■ Work instruction: Only a single number is expected: how many lines of the data hold the word "vertex".
BEGIN Exercise materials
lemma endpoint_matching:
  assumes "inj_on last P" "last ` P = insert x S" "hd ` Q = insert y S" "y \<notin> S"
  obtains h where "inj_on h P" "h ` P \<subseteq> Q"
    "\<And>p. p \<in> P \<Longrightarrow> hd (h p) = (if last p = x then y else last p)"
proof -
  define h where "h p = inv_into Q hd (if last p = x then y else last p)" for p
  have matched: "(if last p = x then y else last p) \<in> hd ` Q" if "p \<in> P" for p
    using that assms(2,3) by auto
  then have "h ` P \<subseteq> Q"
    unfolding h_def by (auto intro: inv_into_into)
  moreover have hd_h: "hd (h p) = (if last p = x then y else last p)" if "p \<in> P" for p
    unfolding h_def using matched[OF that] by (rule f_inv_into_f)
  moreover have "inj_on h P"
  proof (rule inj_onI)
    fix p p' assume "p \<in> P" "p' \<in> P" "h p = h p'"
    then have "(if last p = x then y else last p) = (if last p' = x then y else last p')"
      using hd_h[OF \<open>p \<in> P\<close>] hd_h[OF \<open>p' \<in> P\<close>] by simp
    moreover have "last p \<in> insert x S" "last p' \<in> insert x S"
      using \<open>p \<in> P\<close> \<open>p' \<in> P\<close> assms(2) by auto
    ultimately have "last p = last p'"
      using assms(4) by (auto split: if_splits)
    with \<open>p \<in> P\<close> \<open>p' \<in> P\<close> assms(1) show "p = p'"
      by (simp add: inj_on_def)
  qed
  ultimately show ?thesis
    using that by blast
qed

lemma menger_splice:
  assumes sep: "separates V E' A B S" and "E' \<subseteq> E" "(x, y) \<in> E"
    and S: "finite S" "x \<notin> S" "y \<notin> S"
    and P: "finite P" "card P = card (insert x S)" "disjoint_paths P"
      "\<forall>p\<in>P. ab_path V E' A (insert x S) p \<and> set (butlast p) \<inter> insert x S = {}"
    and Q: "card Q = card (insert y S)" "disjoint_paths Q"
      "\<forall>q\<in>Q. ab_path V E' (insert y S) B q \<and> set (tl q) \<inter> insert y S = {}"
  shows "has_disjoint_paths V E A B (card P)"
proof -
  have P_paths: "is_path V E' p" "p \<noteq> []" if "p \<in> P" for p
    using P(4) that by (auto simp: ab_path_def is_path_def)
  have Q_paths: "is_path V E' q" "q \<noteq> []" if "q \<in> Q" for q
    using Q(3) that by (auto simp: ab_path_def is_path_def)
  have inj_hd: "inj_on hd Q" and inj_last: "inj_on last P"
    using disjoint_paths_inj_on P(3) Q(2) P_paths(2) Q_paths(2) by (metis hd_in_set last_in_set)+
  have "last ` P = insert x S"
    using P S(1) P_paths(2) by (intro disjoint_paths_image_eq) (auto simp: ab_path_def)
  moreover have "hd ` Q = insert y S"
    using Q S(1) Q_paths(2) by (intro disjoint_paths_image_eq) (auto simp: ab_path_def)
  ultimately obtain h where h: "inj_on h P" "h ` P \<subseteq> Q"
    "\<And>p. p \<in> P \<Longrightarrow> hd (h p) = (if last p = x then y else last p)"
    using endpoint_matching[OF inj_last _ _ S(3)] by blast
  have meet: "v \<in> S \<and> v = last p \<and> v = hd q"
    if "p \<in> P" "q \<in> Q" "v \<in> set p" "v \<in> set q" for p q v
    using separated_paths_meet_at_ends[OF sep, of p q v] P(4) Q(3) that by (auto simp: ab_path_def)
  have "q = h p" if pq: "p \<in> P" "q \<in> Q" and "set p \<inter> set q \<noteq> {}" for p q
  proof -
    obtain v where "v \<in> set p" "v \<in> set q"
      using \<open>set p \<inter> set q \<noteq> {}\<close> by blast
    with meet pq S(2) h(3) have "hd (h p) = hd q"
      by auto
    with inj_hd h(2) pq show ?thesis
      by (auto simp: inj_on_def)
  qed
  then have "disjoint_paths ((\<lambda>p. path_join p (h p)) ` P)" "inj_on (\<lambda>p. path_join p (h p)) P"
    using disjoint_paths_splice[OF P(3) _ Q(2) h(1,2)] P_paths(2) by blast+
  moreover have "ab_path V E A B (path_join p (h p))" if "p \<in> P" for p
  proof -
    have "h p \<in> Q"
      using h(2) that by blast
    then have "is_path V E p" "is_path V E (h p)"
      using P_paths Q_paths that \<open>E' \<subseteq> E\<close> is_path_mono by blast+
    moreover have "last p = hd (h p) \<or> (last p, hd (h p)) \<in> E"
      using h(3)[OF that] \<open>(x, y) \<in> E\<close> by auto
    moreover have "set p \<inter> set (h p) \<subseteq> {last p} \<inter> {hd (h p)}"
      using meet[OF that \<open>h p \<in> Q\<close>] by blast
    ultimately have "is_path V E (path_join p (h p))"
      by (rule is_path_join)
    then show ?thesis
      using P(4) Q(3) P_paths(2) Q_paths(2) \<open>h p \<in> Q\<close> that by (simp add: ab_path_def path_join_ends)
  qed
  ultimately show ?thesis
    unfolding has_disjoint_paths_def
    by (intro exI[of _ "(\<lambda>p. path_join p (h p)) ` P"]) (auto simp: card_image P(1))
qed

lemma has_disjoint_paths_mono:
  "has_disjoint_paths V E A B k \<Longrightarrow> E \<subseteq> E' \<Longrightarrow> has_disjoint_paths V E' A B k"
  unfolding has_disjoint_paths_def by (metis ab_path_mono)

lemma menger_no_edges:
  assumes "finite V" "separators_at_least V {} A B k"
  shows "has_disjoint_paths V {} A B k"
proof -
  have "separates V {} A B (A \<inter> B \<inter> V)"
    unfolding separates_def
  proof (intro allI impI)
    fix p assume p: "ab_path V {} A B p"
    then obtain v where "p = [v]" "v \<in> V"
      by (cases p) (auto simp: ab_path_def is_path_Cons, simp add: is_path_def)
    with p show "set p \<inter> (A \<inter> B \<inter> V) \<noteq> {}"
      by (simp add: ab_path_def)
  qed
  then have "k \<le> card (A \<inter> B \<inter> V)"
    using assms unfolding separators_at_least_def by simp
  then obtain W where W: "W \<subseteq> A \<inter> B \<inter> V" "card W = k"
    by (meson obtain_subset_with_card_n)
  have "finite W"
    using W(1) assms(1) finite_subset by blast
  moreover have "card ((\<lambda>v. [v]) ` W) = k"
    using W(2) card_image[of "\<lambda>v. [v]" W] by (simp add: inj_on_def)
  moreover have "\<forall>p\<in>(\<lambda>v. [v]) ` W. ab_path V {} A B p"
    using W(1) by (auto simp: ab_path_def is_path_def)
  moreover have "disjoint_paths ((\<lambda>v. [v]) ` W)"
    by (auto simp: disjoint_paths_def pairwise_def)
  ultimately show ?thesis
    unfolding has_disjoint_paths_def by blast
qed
END Exercise materials
BEGIN Exercise materials
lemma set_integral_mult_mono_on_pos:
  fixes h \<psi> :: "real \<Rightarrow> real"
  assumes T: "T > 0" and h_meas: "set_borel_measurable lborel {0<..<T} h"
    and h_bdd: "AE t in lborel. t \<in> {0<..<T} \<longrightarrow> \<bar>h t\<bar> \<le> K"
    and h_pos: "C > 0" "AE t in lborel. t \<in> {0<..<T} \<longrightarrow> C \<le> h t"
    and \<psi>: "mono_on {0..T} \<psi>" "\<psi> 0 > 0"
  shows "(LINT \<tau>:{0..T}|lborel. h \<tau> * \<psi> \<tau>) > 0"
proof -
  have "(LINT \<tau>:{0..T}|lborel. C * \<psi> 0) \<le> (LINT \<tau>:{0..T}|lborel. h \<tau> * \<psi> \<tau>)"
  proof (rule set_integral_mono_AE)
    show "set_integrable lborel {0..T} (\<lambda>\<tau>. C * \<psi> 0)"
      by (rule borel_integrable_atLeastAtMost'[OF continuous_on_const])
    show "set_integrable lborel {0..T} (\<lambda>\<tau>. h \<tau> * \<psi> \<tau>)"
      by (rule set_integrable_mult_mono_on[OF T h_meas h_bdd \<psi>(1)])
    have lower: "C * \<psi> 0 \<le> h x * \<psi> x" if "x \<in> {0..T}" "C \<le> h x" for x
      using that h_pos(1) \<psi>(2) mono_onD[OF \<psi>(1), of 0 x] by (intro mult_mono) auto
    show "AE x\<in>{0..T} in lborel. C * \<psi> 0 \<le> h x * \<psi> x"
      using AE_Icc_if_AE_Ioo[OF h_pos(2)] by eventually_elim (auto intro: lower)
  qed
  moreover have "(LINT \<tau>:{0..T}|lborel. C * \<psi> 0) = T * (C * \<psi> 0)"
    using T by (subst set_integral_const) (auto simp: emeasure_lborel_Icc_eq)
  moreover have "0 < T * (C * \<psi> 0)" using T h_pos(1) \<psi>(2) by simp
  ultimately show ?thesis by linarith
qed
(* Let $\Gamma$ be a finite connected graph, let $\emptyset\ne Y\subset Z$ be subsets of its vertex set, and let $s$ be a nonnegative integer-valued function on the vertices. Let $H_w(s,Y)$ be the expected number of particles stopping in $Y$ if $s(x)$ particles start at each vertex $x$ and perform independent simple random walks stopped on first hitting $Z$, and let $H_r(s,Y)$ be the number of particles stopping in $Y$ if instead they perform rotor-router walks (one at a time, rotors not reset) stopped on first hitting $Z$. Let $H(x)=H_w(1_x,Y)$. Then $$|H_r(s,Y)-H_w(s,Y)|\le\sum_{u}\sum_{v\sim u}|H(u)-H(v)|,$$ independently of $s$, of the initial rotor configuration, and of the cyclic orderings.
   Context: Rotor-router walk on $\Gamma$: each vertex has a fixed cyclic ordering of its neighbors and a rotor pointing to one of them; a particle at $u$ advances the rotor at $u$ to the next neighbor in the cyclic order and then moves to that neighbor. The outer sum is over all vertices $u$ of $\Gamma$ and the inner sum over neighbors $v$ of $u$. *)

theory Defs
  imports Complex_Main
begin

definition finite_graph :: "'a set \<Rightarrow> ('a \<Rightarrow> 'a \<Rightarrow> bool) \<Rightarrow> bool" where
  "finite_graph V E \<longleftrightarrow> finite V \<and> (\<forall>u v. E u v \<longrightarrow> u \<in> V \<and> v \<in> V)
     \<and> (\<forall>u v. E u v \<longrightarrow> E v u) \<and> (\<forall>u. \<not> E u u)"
END Exercise materials
■ Answer box: 2